ULSTER SFC TYRONE v ARMAGHKildare had a plan to deal with the Tyrone centre half-back but will Armagh be able to cope, asks MALACHY CLERKIN
IT WAS a January Wednesday night in Brewster Park and it was the Dr McKenna Cup against Fermanagh and it was nothing – nothing – that anyone should have considered important or even noteworthy. But with the clock just about dead and Tyrone holding onto a slim lead, Peter Harte gathered possession around the Tyrone half-back line and went on a burst. Winter ground or no winter ground, he ploughed up the centre of the pitch at pace and blew through a couple of tackles before laying the ball off for the sealing score. It was his first game as centre half-back for Tyrone and if there was a man of the match bauble going, he’d have had it. But it was the McKenna Cup and it meant nothing.
Spin the tape on a fortnight or so, however, and it came to mean quite a bit. Tyrone played Kildare in the Division Two league opener in Croke Park and both their goals came from runs through the middle made by Harte. By the end of the league, he was Tyrone’s top scorer with 5-5. Granted, three of his goals were from penalties but he created as much as he scored.

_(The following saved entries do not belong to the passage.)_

lemma bounded_laplacian_upper_bound_in_chart:
  fixes \<Omega> :: "'a::euclidean_space set" and \<phi> \<rho> :: "'a \<Rightarrow> real"
  assumes \<Omega>: "open \<Omega>" and r: "r > 0" and \<rho>C2: "C2_on (ball z r) \<rho>"
    and grad: "\<forall>y\<in>ball z r. frechet_derivative \<rho> (at y) \<noteq> (\<lambda>_. 0)"
    and chart: "\<Omega> \<inter> ball z r = {y\<in>ball z r. \<rho> y < 0}"
    and \<phi>c: "continuous_on (closure \<Omega>) \<phi>" and \<phi>C2: "C2_on \<Omega> \<phi>"
    and \<phi>0: "\<forall>y\<in>frontier \<Omega>. \<phi> y = 0" and lap\<phi>: "\<forall>y\<in>\<Omega>. \<bar>laplacian \<phi> y\<bar> \<le> K0"
  shows "\<exists>A\<ge>0. \<forall>x\<in>\<Omega> \<inter> ball z (r/4). \<bar>\<phi> x\<bar> \<le> A * (- \<rho> x)"
proof -
  obtain K M R where K: "K > 0" and M: "M > 0" and R: "\<And>y. y \<in> cball z (r/2) \<Longrightarrow> \<bar>\<rho> y\<bar> \<le> R"
    and lap: "\<And>x y a \<beta>. x \<in> ball z (r/4) \<Longrightarrow> y \<in> cball x (r/4) \<Longrightarrow> \<bar>a\<bar> = M \<Longrightarrow> \<bar>\<beta>\<bar> \<le> K \<Longrightarrow>
      M * exp (a * quad_tilt \<rho> \<beta> x y) \<le> exp_tilt_laplacian \<rho> a \<beta> x y"
    using chart_barrier_constants[OF r \<rho>C2 grad] by blast
  define Kc where "Kc = cball z (r/2)"
  have Kc: "compact Kc" "Kc \<subseteq> ball z r" using r by (auto simp: Kc_def)
  have near: "cball x (r/4) \<subseteq> Kc" if "x \<in> ball z (r/4)" for x
    using that by (simp add: Kc_def cball_subset_cball_iff dist_commute)
  obtain \<Phi> where \<Phi>: "\<And>y. y \<in> closure \<Omega> \<inter> Kc \<Longrightarrow> \<bar>\<phi> y\<bar> \<le> \<Phi>"
    using continuous_on_compact_bound[OF closed_Int_compact[OF closed_closure Kc(1)]
        continuous_on_subset[OF \<phi>c]] by (metis Int_lower1 real_norm_def)
  define q where "q = exp (- (M * K * (r/4)\<^sup>2))"
  have q: "q < 1" using M K r by (simp add: q_def)
  define e where "e = M * exp (- (M * (R + K * (r/4)\<^sup>2)))"
  have e: "e > 0" using M by (simp add: e_def)
  define A where "A = max 0 (max (\<Phi> / (1 - q)) ((K0 + 1) / e))"
  have A: "A \<ge> 0" "\<Phi> \<le> A * (1 - q)" "K0 + 1 \<le> A * e"
  proof -
    have "\<Phi> / (1 - q) \<le> A" "(K0 + 1) / e \<le> A" by (simp_all add: A_def)
    thus "\<Phi> \<le> A * (1 - q)" "K0 + 1 \<le> A * e" using q e by (simp_all add: pos_divide_le_eq)
  qed (simp add: A_def)
  have barrier: "s * \<phi> x \<le> A * (1 - exp (M * \<rho> x))"
    if x: "x \<in> \<Omega>" "x \<in> ball z (r/4)" and s: "s = 1 \<or> s = -1" for x s
  proof (rule bounded_laplacian_exp_barrier[OF \<Omega> r \<rho>C2 chart \<phi>c \<phi>C2 \<phi>0 s _ x
        less_imp_le[OF K] less_imp_le[OF M] A(1)])
    show "\<forall>y\<in>\<Omega>. - K0 \<le> s * laplacian \<phi> y"
    proof
      fix y assume "y \<in> \<Omega>"
      hence "\<bar>laplacian \<phi> y\<bar> \<le> K0" using lap\<phi> by blast
      thus "- K0 \<le> s * laplacian \<phi> y" using s by (auto simp: abs_le_iff)
    qed
    show "\<forall>y\<in>cball x (r/4). K0 < A * exp_tilt_laplacian \<rho> M (- K) x y"
    proof
      fix y assume y: "y \<in> cball x (r/4)"
      have "K * (dist x y)\<^sup>2 \<le> K * (r/4)\<^sup>2"
        using y K r by (intro mult_left_mono power_mono) auto
      hence "- (R + K * (r/4)\<^sup>2) \<le> quad_tilt \<rho> (- K) x y"
        using R[of y] near[OF x(2)] y by (force simp: quad_tilt_dist Kc_def)
      hence "M * (- (R + K * (r/4)\<^sup>2)) \<le> M * quad_tilt \<rho> (- K) x y"
        using M by (simp only: mult_le_cancel_left_pos)
      hence "exp (- (M * (R + K * (r/4)\<^sup>2))) \<le> exp (M * quad_tilt \<rho> (- K) x y)"
        by (simp only: mult_minus_right exp_le_cancel_iff)
      hence "e \<le> M * exp (M * quad_tilt \<rho> (- K) x y)" unfolding e_def using M by simp
      also have "\<dots> \<le> exp_tilt_laplacian \<rho> M (- K) x y" using lap[OF x(2) y, of M "- K"] K M by simp
      finally have "A * e \<le> A * exp_tilt_laplacian \<rho> M (- K) x y" using A(1) by (rule mult_left_mono)
      thus "K0 < A * exp_tilt_laplacian \<rho> M (- K) x y" using A(3) by linarith
    qed
    show "\<forall>y\<in>closure \<Omega>. dist x y = r/4 \<longrightarrow> \<rho> y \<le> 0 \<longrightarrow>
      s * \<phi> y + A * exp (M * quad_tilt \<rho> (- K) x y) \<le> A"
    proof (intro ballI impI)
      fix y assume y: "y \<in> closure \<Omega>" "dist x y = r/4" "\<rho> y \<le> 0"
      have "quad_tilt \<rho> (- K) x y \<le> - (K * (r/4)\<^sup>2)" using y(3) by (simp add: quad_tilt_dist y(2))
      hence "M * quad_tilt \<rho> (- K) x y \<le> - (M * K * (r/4)\<^sup>2)"
        using mult_left_mono[OF _ less_imp_le[OF M]] by force
      hence "A * exp (M * quad_tilt \<rho> (- K) x y) \<le> A * q"
        using A(1) by (simp add: q_def mult_left_mono)
      moreover have "y \<in> Kc" using near[OF x(2)] y(2) by (simp add: subset_iff dist_commute)
      hence "s * \<phi> y \<le> \<Phi>" using \<Phi>[of y] y(1) s by (auto simp: abs_le_iff)
      ultimately show "s * \<phi> y + A * exp (M * quad_tilt \<rho> (- K) x y) \<le> A"
        using A(2) by (simp add: algebra_simps)
    qed
  qed
  show ?thesis
  proof (intro exI[of _ "A * M"] conjI ballI)
    fix x assume "x \<in> \<Omega> \<inter> ball z (r/4)"
    hence "\<phi> x \<le> A * (1 - exp (M * \<rho> x))" "- \<phi> x \<le> A * (1 - exp (M * \<rho> x))"
      using barrier[of x 1] barrier[of x "-1"] by auto
    moreover have "1 - exp (M * \<rho> x) \<le> M * (- \<rho> x)"
      using exp_ge_add_one_self[of "M * \<rho> x"] by linarith
    hence "A * (1 - exp (M * \<rho> x)) \<le> A * (M * (- \<rho> x))"
      by (rule mult_left_mono) (fact A(1))
    ultimately show "\<bar>\<phi> x\<bar> \<le> A * M * (- \<rho> x)" by (simp add: mult.assoc)
  qed (use A(1) M in simp)
qed

section \<open>Comparison of an eigenfunction with a superharmonic function\<close>

lemma compact_local_bounds_imp_bound:
  fixes f g :: "'a::metric_space \<Rightarrow> real"
  assumes S: "compact S" "\<Omega> \<subseteq> S" and g: "\<forall>x\<in>\<Omega>. g x \<ge> 0"
    and local: "\<forall>y\<in>S. \<exists>R>0. \<exists>C. \<forall>x\<in>\<Omega> \<inter> ball y R. \<bar>f x\<bar> \<le> C * g x"
  shows "\<exists>C\<ge>0. \<forall>x\<in>\<Omega>. \<bar>f x\<bar> \<le> C * g x"
proof -
  obtain R C where RC: "\<And>y. y \<in> S \<Longrightarrow> R y > 0 \<and> (\<forall>x\<in>\<Omega> \<inter> ball y (R y). \<bar>f x\<bar> \<le> C y * g x)"
    using local by metis
  obtain F where F: "F \<subseteq> S" "finite F" "S \<subseteq> (\<Union>y\<in>F. ball y (R y))"
  proof (rule compactE_image[OF S(1), of S "\<lambda>y. ball y (R y)"])
    show "S \<subseteq> (\<Union>y\<in>S. ball y (R y))" using RC by force
  qed auto
  show ?thesis
  proof (intro exI[of _ "\<Sum>y\<in>F. \<bar>C y\<bar>"] conjI ballI)
    fix x assume x: "x \<in> \<Omega>"
    then obtain y where y: "y \<in> F" "x \<in> ball y (R y)" using F(3) S(2) by blast
    have "\<bar>f x\<bar> \<le> C y * g x" using RC[of y] y F(1) x by blast
    also have "\<dots> \<le> (\<Sum>y\<in>F. \<bar>C y\<bar>) * g x"
    proof (rule mult_right_mono)
      have "\<bar>C y\<bar> \<le> (\<Sum>y\<in>F. \<bar>C y\<bar>)" using y(1) F(2) by (intro member_le_sum) auto
      thus "C y \<le> (\<Sum>y\<in>F. \<bar>C y\<bar>)" by linarith
    qed (use g x in blast)
    finally show "\<bar>f x\<bar> \<le> (\<Sum>y\<in>F. \<bar>C y\<bar>) * g x" .
  qed (simp add: sum_nonneg)
qed

lemma interior_local_bound:
  fixes V \<phi> :: "'a::metric_space \<Rightarrow> real"
  assumes Vc: "continuous_on \<Omega> V" and Vpos: "\<forall>x\<in>\<Omega>. V x > 0" and y: "y \<in> \<Omega>"
    and \<Phi>: "\<forall>x\<in>\<Omega>. \<bar>\<phi> x\<bar> \<le> \<Phi>"
  shows "\<exists>R>0. \<exists>C. \<forall>x\<in>\<Omega> \<inter> ball y R. \<bar>\<phi> x\<bar> \<le> C * V x"
proof -
  obtain d where d: "d > 0" "\<forall>x\<in>\<Omega>. dist x y < d \<longrightarrow> dist (V x) (V y) < V y / 2"
    using Vc y Vpos unfolding continuous_on_iff by (metis half_gt_zero)
  have "\<bar>\<phi> x\<bar> \<le> 2 * \<Phi> / V y * V x" if x: "x \<in> \<Omega> \<inter> ball y d" for x
  proof -
    have "dist (V x) (V y) < V y / 2" using d x by (simp add: dist_commute)
    hence "V y / 2 \<le> V x" unfolding dist_real_def by linarith
    moreover have "\<Phi> \<ge> 0" using \<Phi> y by force
    ultimately have "\<Phi> \<le> 2 * \<Phi> / V y * V x" using Vpos y by (simp add: field_simps mult_left_mono)
    thus ?thesis using \<Phi> x by force
  qed
  thus ?thesis using d(1) by blast
qed

lemma boundary_local_bound:
  fixes \<Omega> :: "'a::euclidean_space set" and V \<phi> :: "'a \<Rightarrow> real"
  assumes \<Omega>: "open \<Omega>" "C2alpha_boundary \<alpha> \<Omega>" and z: "z \<in> frontier \<Omega>"
    and V: "continuous_on (closure \<Omega>) V" "\<forall>y\<in>\<Omega>. V y > 0" "C2_on \<Omega> V" "\<forall>y\<in>\<Omega>. laplacian V y \<le> 0"
    and \<phi>: "continuous_on (closure \<Omega>) \<phi>" "C2_on \<Omega> \<phi>" "\<forall>y\<in>frontier \<Omega>. \<phi> y = 0"
      "\<forall>y\<in>\<Omega>. \<bar>laplacian \<phi> y\<bar> \<le> K0"
  shows "\<exists>R>0. \<exists>C. \<forall>x\<in>\<Omega> \<inter> ball z R. \<bar>\<phi> x\<bar> \<le> C * V x"
proof -
  obtain r \<rho> where r: "r > 0" "C2_on (ball z r) \<rho>"
      "\<forall>x\<in>ball z r. frechet_derivative \<rho> (at x) \<noteq> (\<lambda>_. 0)"
      "\<Omega> \<inter> ball z r = {x\<in>ball z r. \<rho> x < 0}"
    using \<Omega>(2) z unfolding C2alpha_boundary_def by blast
  obtain \<epsilon> where \<epsilon>: "\<epsilon> > 0" "\<forall>x\<in>\<Omega> \<inter> ball z (r/4). \<epsilon> * (- \<rho> x) \<le> V x"
    using superharmonic_lower_bound_in_chart[OF r V] by blast
  obtain A where A: "A \<ge> 0" "\<forall>x\<in>\<Omega> \<inter> ball z (r/4). \<bar>\<phi> x\<bar> \<le> A * (- \<rho> x)"
    using bounded_laplacian_upper_bound_in_chart[OF \<Omega>(1) r \<phi>] by blast
  have "\<bar>\<phi> x\<bar> \<le> A / \<epsilon> * V x" if "x \<in> \<Omega> \<inter> ball z (r/4)" for x
  proof -
    have "\<bar>\<phi> x\<bar> \<le> A / \<epsilon> * (\<epsilon> * (- \<rho> x))" using A(2) that \<epsilon>(1) by simp
    also have "\<dots> \<le> A / \<epsilon> * V x" using \<epsilon> A(1) that by (intro mult_left_mono) auto
    finally show ?thesis .
  qed
  thus ?thesis using r(1) by (metis zero_less_divide_iff zero_less_numeral)
qed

Division Two teams were unsure as to how he should be dealt with and it wasn’t until Kildare got another crack at him in the league final that he was finally contained. As a tactical ploy, it was straight from the Mickey Harte ideas factory – take a talent and find a way to exploit it that nobody else has thought of yet. Watching on from south Armagh, Crossmaglen co-manager Tony McEntee couldn’t but be impressed.
“They’ve been very smart about it,” he says. “Mickey Harte has obviously thought a lot about how to utilise Peter’s strengths which are his running with the ball and his ability to attack from deep and get scores. Peter was fine as a wing half-forward and was capable of getting a few scores and making it difficult for opposing defences there.
“But he is very strong coming on to the ball so it was a very clever move pushing him back there and having him come through with it. What Mickey has done to facilitate it is allow Ronan McNabb to drop back from wing-forward and cover across at centre half-back so as to give Peter that freedom to go forward knowing that he wasn’t leaving the whole centre of the defence open.”
It worked like a dream, right up until the point where it didn’t. Harte was an elusive presence throughout the league and must have seemed like subliminal advertising to opposing teams at times, for they could never quite be sure in what part of the pitch they’d seen him. The teamsheet said one thing, the scoresheet said another. From centre-back, Harte was the only Tyrone player to score in every game.
“It’s always the case when a new player comes in or a new system is employed,” says McEntee. “You tend to get the freedom of the field for a while until somebody else cops on to what you’re doing and they adjust. Kildare adapted to it in the league final but there were a number of reasons for that. Most of all, it was because they were strong and fit and they were able to track his play whenever he went on a run.”
There was more to it than just fitness and brawn, however – Kildare had a clear plan for Harte in that game. Eoin O’Flaherty pushed him down alleys whenever he took possession. The rest of the Tyrone team, possibly caught on the hop when Harte didn’t have quite the free hand he’d enjoyed all spring, left him isolated at times and Tyrone’s play slowed down dramatically as a result.
Will it force a rethink for the championship? McEntee doubts it. “I think it’s interesting that on the teamsheet for this weekend against Armagh, Mickey’s changed it and named Peter at number 12.
“Nobody expects him to play there and I think he’ll just drop back from that position and do exactly what he’s been doing through the league.
“It might vary a little in that Conor Gormley could sit there as a pre-defined centre half-back and Ronan McNabb will stay at wing half-forward. But Peter’s role probably won’t change very much.
“Armagh will have a system in place in order to counteract Peter’s runs. I would suspect that Kevin Dyas has been named at centre-forward for this purpose.”
Punch and counter-punch. In a Mickey Harte world, every game’s a chess game and by moving Peter Harte to the other end of the board, he’s turned a pawn into a queen. Kildare found a defence for him in the league final but we can take it the Tyrone manager isn’t finished tinkering with the strategy just yet.